■ **YOUR GOAL**
Begin at the line containing "commutativity); the abelian" in the data below and go on through the line containing "f \<longleftrightarrow> (\<forall>x", repeating each line exactly; include both ends and no other line.

■ **DATA TO PROCESS**
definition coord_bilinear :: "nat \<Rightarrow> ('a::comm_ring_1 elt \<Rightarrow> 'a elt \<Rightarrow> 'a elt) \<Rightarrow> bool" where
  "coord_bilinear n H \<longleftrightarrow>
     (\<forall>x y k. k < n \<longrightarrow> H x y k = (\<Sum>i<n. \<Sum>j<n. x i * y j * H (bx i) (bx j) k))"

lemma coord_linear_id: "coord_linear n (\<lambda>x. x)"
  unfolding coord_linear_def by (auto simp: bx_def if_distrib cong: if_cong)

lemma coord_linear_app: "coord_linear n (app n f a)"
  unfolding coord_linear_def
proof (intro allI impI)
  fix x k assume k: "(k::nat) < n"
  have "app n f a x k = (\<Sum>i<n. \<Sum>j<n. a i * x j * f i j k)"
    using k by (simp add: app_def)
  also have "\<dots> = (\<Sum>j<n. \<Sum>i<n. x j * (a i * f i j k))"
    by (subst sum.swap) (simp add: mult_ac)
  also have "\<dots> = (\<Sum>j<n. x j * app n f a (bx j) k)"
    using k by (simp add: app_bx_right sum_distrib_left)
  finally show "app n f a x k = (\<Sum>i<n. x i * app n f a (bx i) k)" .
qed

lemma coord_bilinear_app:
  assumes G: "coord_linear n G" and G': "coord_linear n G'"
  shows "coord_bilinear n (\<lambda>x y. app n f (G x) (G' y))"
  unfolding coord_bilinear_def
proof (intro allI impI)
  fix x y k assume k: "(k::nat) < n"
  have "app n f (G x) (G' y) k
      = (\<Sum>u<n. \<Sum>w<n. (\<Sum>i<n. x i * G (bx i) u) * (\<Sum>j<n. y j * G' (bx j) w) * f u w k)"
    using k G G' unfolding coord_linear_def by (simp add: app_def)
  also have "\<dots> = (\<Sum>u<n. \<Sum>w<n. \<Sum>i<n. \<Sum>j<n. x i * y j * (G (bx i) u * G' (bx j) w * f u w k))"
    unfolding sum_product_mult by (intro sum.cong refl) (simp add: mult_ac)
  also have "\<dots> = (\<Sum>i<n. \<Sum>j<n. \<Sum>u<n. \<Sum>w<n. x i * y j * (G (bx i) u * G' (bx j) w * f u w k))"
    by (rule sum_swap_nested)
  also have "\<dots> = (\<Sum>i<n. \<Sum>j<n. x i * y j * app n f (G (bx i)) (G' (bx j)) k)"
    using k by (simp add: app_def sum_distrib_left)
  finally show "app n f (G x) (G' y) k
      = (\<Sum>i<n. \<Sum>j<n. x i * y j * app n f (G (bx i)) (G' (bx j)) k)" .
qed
---
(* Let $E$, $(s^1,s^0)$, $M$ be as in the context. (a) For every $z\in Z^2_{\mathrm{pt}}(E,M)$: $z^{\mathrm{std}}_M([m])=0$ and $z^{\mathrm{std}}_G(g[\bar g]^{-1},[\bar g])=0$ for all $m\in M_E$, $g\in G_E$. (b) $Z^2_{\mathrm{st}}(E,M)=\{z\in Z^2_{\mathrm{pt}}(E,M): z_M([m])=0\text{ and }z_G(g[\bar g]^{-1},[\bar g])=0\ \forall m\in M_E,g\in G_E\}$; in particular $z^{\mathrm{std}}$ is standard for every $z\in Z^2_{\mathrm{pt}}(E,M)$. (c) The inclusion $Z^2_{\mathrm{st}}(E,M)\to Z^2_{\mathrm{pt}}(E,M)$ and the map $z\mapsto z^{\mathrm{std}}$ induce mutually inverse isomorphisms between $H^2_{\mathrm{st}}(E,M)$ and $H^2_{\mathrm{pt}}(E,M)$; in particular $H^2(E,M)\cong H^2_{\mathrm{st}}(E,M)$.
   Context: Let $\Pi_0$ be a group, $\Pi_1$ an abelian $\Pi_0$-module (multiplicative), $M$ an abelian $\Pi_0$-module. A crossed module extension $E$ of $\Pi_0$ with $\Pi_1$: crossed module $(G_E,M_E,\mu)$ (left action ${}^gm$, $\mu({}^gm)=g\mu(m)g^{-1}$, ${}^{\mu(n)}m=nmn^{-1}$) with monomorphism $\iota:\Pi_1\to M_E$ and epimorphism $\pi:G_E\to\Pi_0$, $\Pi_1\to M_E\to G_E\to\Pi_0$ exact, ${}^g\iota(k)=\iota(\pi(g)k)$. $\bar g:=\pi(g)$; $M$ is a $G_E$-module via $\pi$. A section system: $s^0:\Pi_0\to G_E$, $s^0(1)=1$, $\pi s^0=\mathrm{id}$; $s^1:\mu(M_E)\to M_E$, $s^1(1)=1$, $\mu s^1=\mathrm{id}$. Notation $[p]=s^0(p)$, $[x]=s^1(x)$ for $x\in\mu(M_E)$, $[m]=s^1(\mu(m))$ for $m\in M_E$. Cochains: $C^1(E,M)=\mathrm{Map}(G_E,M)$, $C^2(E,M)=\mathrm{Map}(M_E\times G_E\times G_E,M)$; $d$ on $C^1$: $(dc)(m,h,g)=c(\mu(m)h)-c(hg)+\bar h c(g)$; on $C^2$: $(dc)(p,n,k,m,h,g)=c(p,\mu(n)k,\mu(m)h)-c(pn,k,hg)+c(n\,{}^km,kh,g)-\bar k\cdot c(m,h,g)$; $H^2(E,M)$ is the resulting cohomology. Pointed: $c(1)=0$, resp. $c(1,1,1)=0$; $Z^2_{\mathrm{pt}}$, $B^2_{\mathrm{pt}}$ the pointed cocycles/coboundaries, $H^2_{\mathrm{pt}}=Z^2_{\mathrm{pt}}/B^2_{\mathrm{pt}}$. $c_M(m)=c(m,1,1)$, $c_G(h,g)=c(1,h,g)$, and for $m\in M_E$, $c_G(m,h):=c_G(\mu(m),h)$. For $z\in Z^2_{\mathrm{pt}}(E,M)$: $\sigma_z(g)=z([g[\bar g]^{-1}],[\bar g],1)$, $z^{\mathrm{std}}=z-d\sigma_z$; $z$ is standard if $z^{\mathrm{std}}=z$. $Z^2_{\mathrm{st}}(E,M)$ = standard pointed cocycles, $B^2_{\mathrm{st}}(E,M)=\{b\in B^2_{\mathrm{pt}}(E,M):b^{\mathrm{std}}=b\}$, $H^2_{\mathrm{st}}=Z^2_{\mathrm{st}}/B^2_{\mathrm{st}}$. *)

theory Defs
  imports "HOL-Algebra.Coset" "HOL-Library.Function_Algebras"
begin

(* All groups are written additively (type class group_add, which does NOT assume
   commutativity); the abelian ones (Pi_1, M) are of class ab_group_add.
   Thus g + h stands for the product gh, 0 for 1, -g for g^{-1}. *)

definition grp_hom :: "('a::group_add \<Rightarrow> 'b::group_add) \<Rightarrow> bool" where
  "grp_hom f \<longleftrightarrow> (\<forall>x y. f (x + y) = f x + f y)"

■ **SOLUTION**
   commutativity); the abelian ones (Pi_1, M) are of class ab_group_add.
   Thus g + h stands for the product gh, 0 for 1, -g for g^{-1}. *)

definition grp_hom :: "('a::group_add \<Rightarrow> 'b::group_add) \<Rightarrow> bool" where
  "grp_hom f \<longleftrightarrow> (\<forall>x y. f (x + y) = f x + f y)"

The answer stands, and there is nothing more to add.